Stray Dog
Rating: 3.0 out of 5.0
Stray Dog is the most sweat-drenched movie I’ve ever seen, and that includes Body Heat. I know having “the city” as a character is a cliche but in this case, it’s the heat wave that’s wracking Tokyo. Every moment until the climax, the tension ratchets higher as Toshiro Mifune as Detective Murakami searches for his stolen gun.
And that brings up the elephant in the room. Mifune is joined by Takashi Shimura after 40 minutes of screen time, as the world-weary older Chief Detective Sato, who is going to show this green newcomer the ropes.
And those life lessons he expounds? “Don’t try to think about the humanity of the people we’re pursuing.” “We are guard dogs protecting the sheep against wolves.” Hell, the last scene was Shimura explaining to Mifune that eventually he’ll forget about the man who killed a woman with his gun. Naturally.

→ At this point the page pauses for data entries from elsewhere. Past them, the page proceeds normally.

lemma arc_involution_fixing_ends_eq:
  fixes \<gamma> :: "real \<Rightarrow> 'a::t2_space"
  assumes arc: "arc \<gamma>" and cont: "continuous_on (path_image \<gamma>) T"
    and inv: "T ` path_image \<gamma> = path_image \<gamma>"
    and start: "T (pathstart \<gamma>) = pathstart \<gamma>" and finish: "T (pathfinish \<gamma>) = pathfinish \<gamma>"
    and invol: "\<And>x. x \<in> path_image \<gamma> \<Longrightarrow> T (T x) = x"
    and x: "x \<in> path_image \<gamma>"
  shows "T x = x"
proof -
  have cont_\<gamma>: "continuous_on {0..1} \<gamma>" and inj_\<gamma>: "inj_on \<gamma> {0..1}"
    using arc by (auto simp: arc_def path_def)
  have image: "path_image \<gamma> = \<gamma> ` {0..1}" by (simp add: path_image_def)
  define g where "g = inv_into {0..1} \<gamma>"
  have g_\<gamma>: "g (\<gamma> t) = t" if "t \<in> {0..1}" for t
    using inj_\<gamma> that by (simp add: g_def)
  have cont_g: "continuous_on (path_image \<gamma>) g"
    unfolding image using continuous_on_inv[OF cont_\<gamma> compact_Icc] g_\<gamma> by blast
  define \<sigma> where "\<sigma> t = g (T (\<gamma> t))" for t
  have T_\<gamma>: "T (\<gamma> t) \<in> path_image \<gamma>" if "t \<in> {0..1}" for t
    using inv that image by blast
  have \<sigma>_in: "\<sigma> t \<in> {0..1}" and \<gamma>_\<sigma>: "\<gamma> (\<sigma> t) = T (\<gamma> t)" if t: "t \<in> {0..1}" for t
  proof -
    obtain s where "s \<in> {0..1}" "T (\<gamma> t) = \<gamma> s" using T_\<gamma>[OF t] image by auto
    then show "\<sigma> t \<in> {0..1}" "\<gamma> (\<sigma> t) = T (\<gamma> t)" using g_\<gamma> by (auto simp: \<sigma>_def)
  qed
  have "continuous_on {0..1} (\<lambda>t. T (\<gamma> t))"
    by (rule continuous_on_compose2[OF cont cont_\<gamma>]) (simp add: image)
  then have "continuous_on {0..1} \<sigma>"
    unfolding \<sigma>_def by (rule continuous_on_compose2[OF cont_g]) (use T_\<gamma> in blast)
  moreover have "inj_on \<sigma> {0..1}"
  proof (rule inj_onI)
    fix s t assume s: "s \<in> {0..1}" and t: "t \<in> {0..1}" and "\<sigma> s = \<sigma> t"
    then have "T (\<gamma> s) = T (\<gamma> t)" using \<gamma>_\<sigma> by metis
    moreover have "\<gamma> s \<in> path_image \<gamma>" "\<gamma> t \<in> path_image \<gamma>" using s t image by blast+
    ultimately have "\<gamma> s = \<gamma> t" using invol by metis
    then show "s = t" using inj_\<gamma> s t by (auto dest: inj_onD)
  qed
  moreover have "\<sigma> 0 = 0" "\<sigma> 1 = 1"
    using start finish g_\<gamma> by (simp_all add: \<sigma>_def pathstart_def pathfinish_def)
  ultimately have "strict_mono_on {0..1} \<sigma>"
    by (intro continuous_inj_on_strict_mono_on) simp_all
  moreover have "\<sigma> (\<sigma> t) = t" if "t \<in> {0..1}" for t
  proof -
    have "\<sigma> (\<sigma> t) = g (T (T (\<gamma> t)))" using \<gamma>_\<sigma>[OF that] by (simp add: \<sigma>_def)
    also have "\<dots> = t" using invol image that g_\<gamma> by auto
    finally show ?thesis .
  qed
  moreover have "\<sigma> ` {0..1} \<subseteq> {0..1}" using \<sigma>_in by blast
  moreover obtain t where t: "t \<in> {0..1}" "x = \<gamma> t" using x image by auto
  ultimately have "\<sigma> t = t" by (intro strict_mono_on_involution_eq[of "{0..1}" \<sigma>])
  then show ?thesis using \<gamma>_\<sigma>[OF t(1)] t(2) by simp
qed

lemma path_meets_hyperplane:
  fixes \<gamma> :: "real \<Rightarrow> 'a::real_inner"
  assumes "path \<gamma>" "pathstart \<gamma> \<bullet> d > 0" "pathfinish \<gamma> \<bullet> d < 0"
  obtains y where "y \<in> path_image \<gamma>" "y \<bullet> d = 0"
proof -
  have "continuous_on {0..1} (\<lambda>t. \<gamma> t \<bullet> d)"
    using assms(1) by (intro continuous_intros) (simp add: path_def)
  then obtain t where "0 \<le> t" "t \<le> 1" "\<gamma> t \<bullet> d = 0"
    using IVT2'[of "\<lambda>t. \<gamma> t \<bullet> d" 1 0 0] assms(2,3) by (auto simp: pathstart_def pathfinish_def)
  then show ?thesis by (intro that[of "\<gamma> t"]) (auto simp: path_image_def)
qed

lemma monoid_SO4_subgroup:
  assumes "subgroup H SO4_group"
  shows "monoid (SO4_group\<lparr>carrier := H\<rparr>)"
  using assms by (intro monoidI) (auto simp: SO4_group_def subgroup_def matrix_mul_assoc)

lemma monoid_Aut_subgroup:
  assumes "subgroup H (Aut_group n)"
  shows "monoid ((Aut_group n)\<lparr>carrier := H\<rparr>)"
  using assms by (intro monoidI) (auto simp: Aut_group_def subgroup_def o_assoc)

lemma Vside_iff: "v \<in> Vside n \<longleftrightarrow> v \<in> verts n \<and> \<not> fst v"
  and Wside_iff: "v \<in> Wside n \<longleftrightarrow> v \<in> verts n \<and> fst v"
  by (auto simp: verts_def Vside_def Wside_def)

lemma Aut_K_fixing_vertex_keeps_other_side:
  assumes g: "g \<in> Aut_K n" and b: "b \<in> verts n" "g b = b"
    and v: "v \<in> verts n" "fst v \<noteq> fst b"
  shows "g v \<in> verts n \<and> fst (g v) = fst v"
proof -
  have "Kadj n (g v) (g b) \<longleftrightarrow> Kadj n v b" using g v(1) b(1) by (simp add: Aut_K_def)
  moreover have "Kadj n v b" using v b by (simp add: Kadj_def)
  ultimately have "Kadj n (g v) b" using b(2) by simp
  then show ?thesis using v(2) by (auto simp: Kadj_def)
qed

locale D2_induced_embedding =
  fixes n :: nat and G :: "(vert \<Rightarrow> vert) set"
    and p :: "vert \<Rightarrow> real^4" and e :: "nat \<Rightarrow> nat \<Rightarrow> real \<Rightarrow> real^4"
    and Gh :: "(real^4^4) set" and \<phi> :: "real^4^4 \<Rightarrow> vert \<Rightarrow> vert"
  assumes G_sub: "subgroup G (Aut_group n)"
    and G_D2: "(Aut_group n)\<lparr>carrier := G\<rparr> \<cong> integer_mod_group 2 \<times>\<times> integer_mod_group 2"
    and emb: "is_embedding n p e"
    and ind: "induced_by n p e G Gh \<phi>"
    and fix2: "\<And>g. g \<in> G \<Longrightarrow> g \<noteq> id \<Longrightarrow>
                 card {v \<in> Vside n. g v = v} = 2 \<and> card {w \<in> Wside n. g w = w} = 2"
begin

lemma Gh_subgroup: "subgroup Gh SO4_group"
  and phi_iso: "\<phi> \<in> iso (SO4_group\<lparr>carrier := Gh\<rparr>) ((Aut_group n)\<lparr>carrier := G\<rparr>)"
  and restricts: "h \<in> Gh \<Longrightarrow> restricts_to n p e h (\<phi> h)"
  using ind by (auto simp: induced_by_def)

lemma Gh_Klein_four: "SO4_group\<lparr>carrier := Gh\<rparr> \<cong> integer_mod_group 2 \<times>\<times> integer_mod_group 2"
  using phi_iso G_D2 iso_trans by (auto simp: is_iso_def)

lemma G_square: "g \<in> G \<Longrightarrow> g \<circ> g = id"
  using monoid.Klein_four_square[OF monoid_Aut_subgroup[OF G_sub] G_D2] by (simp add: Aut_group_def)

lemma Gh_square: "h \<in> Gh \<Longrightarrow> h ** h = mat 1"
  using monoid.Klein_four_square[OF monoid_SO4_subgroup[OF Gh_subgroup] Gh_Klein_four]
  by (simp add: SO4_group_def)

lemma Gh_commute: "h \<in> Gh \<Longrightarrow> k \<in> Gh \<Longrightarrow> h ** k = k ** h"
  using monoid.Klein_four_commute[OF monoid_SO4_subgroup[OF Gh_subgroup] Gh_Klein_four]
  by (simp add: SO4_group_def)

lemma Gh_generators: "\<exists>a b. Gh = {mat 1, a, b, a ** b} \<and> a \<noteq> mat 1 \<and> b \<noteq> mat 1 \<and> a \<noteq> b"
  using monoid.Klein_four_carrier[OF monoid_SO4_subgroup[OF Gh_subgroup] Gh_Klein_four]
  by (simp add: SO4_group_def)

lemma one_in_Gh: "mat 1 \<in> Gh"
  and Gh_mult_closed: "h \<in> Gh \<Longrightarrow> k \<in> Gh \<Longrightarrow> h ** k \<in> Gh"
  and Gh_orthogonal: "h \<in> Gh \<Longrightarrow> orthogonal_matrix h"
  using Gh_subgroup by (auto simp: subgroup_def SO4_group_def SO4_def)

lemma Gh_commute_vec: "h \<in> Gh \<Longrightarrow> k \<in> Gh \<Longrightarrow> h *v (k *v x) = k *v (h *v x)"
  by (metis matrix_vector_mul_assoc Gh_commute)

lemma Gh_involution: "h \<in> Gh \<Longrightarrow> h *v (h *v x) = x"
  by (simp add: matrix_vector_mul_assoc Gh_square)

lemma phi_mult: "h \<in> Gh \<Longrightarrow> k \<in> Gh \<Longrightarrow> \<phi> (h ** k) = \<phi> h \<circ> \<phi> k"
  using phi_iso by (auto simp: iso_def hom_def SO4_group_def Aut_group_def)

lemma phi_in_G: "h \<in> Gh \<Longrightarrow> \<phi> h \<in> G"
  using phi_iso by (auto simp: iso_def hom_def)

lemma phi_Aut: "h \<in> Gh \<Longrightarrow> \<phi> h \<in> Aut_K n"
  using phi_in_G G_sub by (auto simp: subgroup_def Aut_group_def)

lemma phi_one: "\<phi> (mat 1) = id"
proof -
  have "\<phi> (mat 1) = \<phi> (mat 1 ** mat 1)" by simp
  also have "\<dots> = \<phi> (mat 1) \<circ> \<phi> (mat 1)" using phi_mult one_in_Gh by blast
  also have "\<dots> = id" using G_square phi_in_G one_in_Gh by blast
  finally show ?thesis .
qed

lemma phi_eq_id_iff: "h \<in> Gh \<Longrightarrow> \<phi> h = id \<longleftrightarrow> h = mat 1"
  using phi_iso phi_one one_in_Gh by (auto simp: iso_def bij_betw_def inj_on_def)

lemma fixed_vertices_card:
  assumes "h \<in> Gh" "h \<noteq> mat 1"
  shows "card {v \<in> Vside n. \<phi> h v = v} = 2" "card {w \<in> Wside n. \<phi> h w = w} = 2"
  using fix2[OF phi_in_G] phi_eq_id_iff assms by auto

lemma vertex_action: "h \<in> Gh \<Longrightarrow> v \<in> verts n \<Longrightarrow> h *v p v = p (\<phi> h v)"
  using restricts by (simp add: restricts_to_def)

lemma edge_action:
  assumes "h \<in> Gh" "i < n" "j < n" "\<phi> h (False, i) = (False, i')" "\<phi> h (True, j) = (True, j')"
  shows "(\<lambda>x. h *v x) ` path_image (e i j) = path_image (e i' j')"
proof -
  have "(False, i) \<in> Vside n" "(True, j) \<in> Wside n" using assms by (auto simp: Vside_def Wside_def)
  with restricts[OF assms(1)] have "(\<lambda>x. h *v x) ` edge_img e (False, i) (True, j)
      = edge_img e (\<phi> h (False, i)) (\<phi> h (True, j))"
    by (simp add: restricts_to_def)
  with assms(4,5) show ?thesis by (simp add: edge_img_def)
qed

lemma p_inj: "inj_on p (verts n)"
  and norm_p: "v \<in> verts n \<Longrightarrow> norm (p v) = 1"
  and edge_arc: "i < n \<Longrightarrow> j < n \<Longrightarrow> arc (e i j)"
  and edge_start: "i < n \<Longrightarrow> j < n \<Longrightarrow> pathstart (e i j) = p (False, i)"
  and edge_finish: "i < n \<Longrightarrow> j < n \<Longrightarrow> pathfinish (e i j) = p (True, j)"
  using emb by (auto simp: is_embedding_def)

lemma edges_disjoint:
  assumes "i < n" "j < n" "i' < n" "j' < n" "i \<noteq> i'" "j \<noteq> j'"
  shows "path_image (e i j) \<inter> path_image (e i' j') = {}"
  using emb assms by (auto simp: is_embedding_def)

lemma dim_fixed_space:
  assumes h: "h \<in> Gh" "h \<noteq> mat 1"
  shows "2 \<le> dim {x. h *v x = x}"
proof -
  obtain a a' where aa': "{v \<in> Vside n. \<phi> h v = v} = {a, a'}" "a \<noteq> a'"
    using fixed_vertices_card[OF h] by (auto simp: card_2_iff)
  obtain c where c: "c \<in> Wside n" "\<phi> h c = c"
    using fixed_vertices_card(2)[OF h] by (auto simp: card_2_iff)
  have verts: "a \<in> verts n" "a' \<in> verts n" "c \<in> verts n" and "a \<noteq> c" "a' \<noteq> c"
    using aa'(1) c by (auto simp: Vside_iff Wside_iff)
  then have "p a \<noteq> p a'" "p a \<noteq> p c" "p a' \<noteq> p c"
    using aa'(2) p_inj by (auto dest: inj_onD)
  moreover have "\<phi> h a = a" "\<phi> h a' = a'" using aa'(1) by blast+
  then have "{p a, p a', p c} \<subseteq> {x. h *v x = x}"
    using c verts vertex_action[OF h(1)] by auto
  ultimately show ?thesis
    using three_unit_vectors_dim_ge_2 norm_p verts by blast
qed

lemma dim_anti_fixed_space:
  assumes h: "h \<in> Gh" "h \<noteq> mat 1" and k: "k \<in> Gh" "k \<noteq> mat 1" and "h \<noteq> k"
  shows "dim {x. h *v x = x \<and> k *v x = - x} \<le> 1"
proof (rule ccontr)
  assume "\<not> ?thesis"
  then have dim_D: "2 \<le> dim {x. h *v x = x \<and> k *v x = - x}" by simp
  have "h ** k \<noteq> mat 1"
  proof
    assume "h ** k = mat 1"
    then have "h ** (h ** k) = h" by simp
    then show False using \<open>h \<noteq> k\<close> by (simp add: matrix_mul_assoc Gh_square h)
  qed
  then have "2 \<le> dim {x. h *v (k *v x) = x}"
    using dim_fixed_space[of "h ** k"] Gh_mult_closed h k by (simp add: matrix_vector_mul_assoc)
  moreover have "2 \<le> dim {x. k *v x = x}" using dim_fixed_space k by blast
  ultimately have "h = mat 1"
    using dim_D by (intro commuting_matrix_eq_id[of h k] Gh_commute_vec h k) auto
  with h show False by simp
qed

lemma fixed_orthogonal_imp_fixed:
  assumes h: "h \<in> Gh" "h \<noteq> mat 1" and k: "k \<in> Gh" "k \<noteq> mat 1" and "h \<noteq> k"
    and d: "d \<noteq> 0" "h *v d = d" "k *v d = - d"
    and y: "h *v y = y" "y \<bullet> d = 0"
  shows "k *v y = y"
proof -
  let ?D = "{x. h *v x = x \<and> k *v x = - x}"
  have "y - k *v y \<in> ?D"
    using y Gh_involution[OF k(1)] Gh_commute_vec[OF h(1) k(1)] by (simp add: matrix_vector_mult_diff_distrib)
  then obtain c where c: "y - k *v y = c *\<^sub>R d"
    using dim_le_1_imp_multiple[OF dim_anti_fixed_space[OF assms(1-5)]] d by blast
  have "(k *v y) \<bullet> (k *v d) = y \<bullet> d" by (rule orthogonal_matrix_inner[OF Gh_orthogonal[OF k(1)]])
  then have "(y - k *v y) \<bullet> d = 0" using d(3) y(2) by (simp add: inner_diff_left)
  then have "c = 0" using c d(1) by simp
  then show ?thesis using c by simp
qed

Needless to say, it was a bit uncomfortable watching a movie that addresses so much of what’s going on today, with the societal discussion around police funding and appropriate methods, and having it come down squarely on the side of the “sheepdog” movement.
Of course, that depends on you assuming that Kurosawa agrees with the words he put in his character’s mouth. I could see an argument made that says we were supposed to disagree with Sato’s philosophy, and that he was portrayed as a warning against Murakami becoming too jaded. But I don’t think that’s supported by the actual movie, just wistful thinking.
And finally, what a very different approach to gun violence. The entire movie is driven by a cop obsessed with recapturing one semi-auto with seven bullets. A single pistol in modern American society would be lost in an ocean of readily available handguns.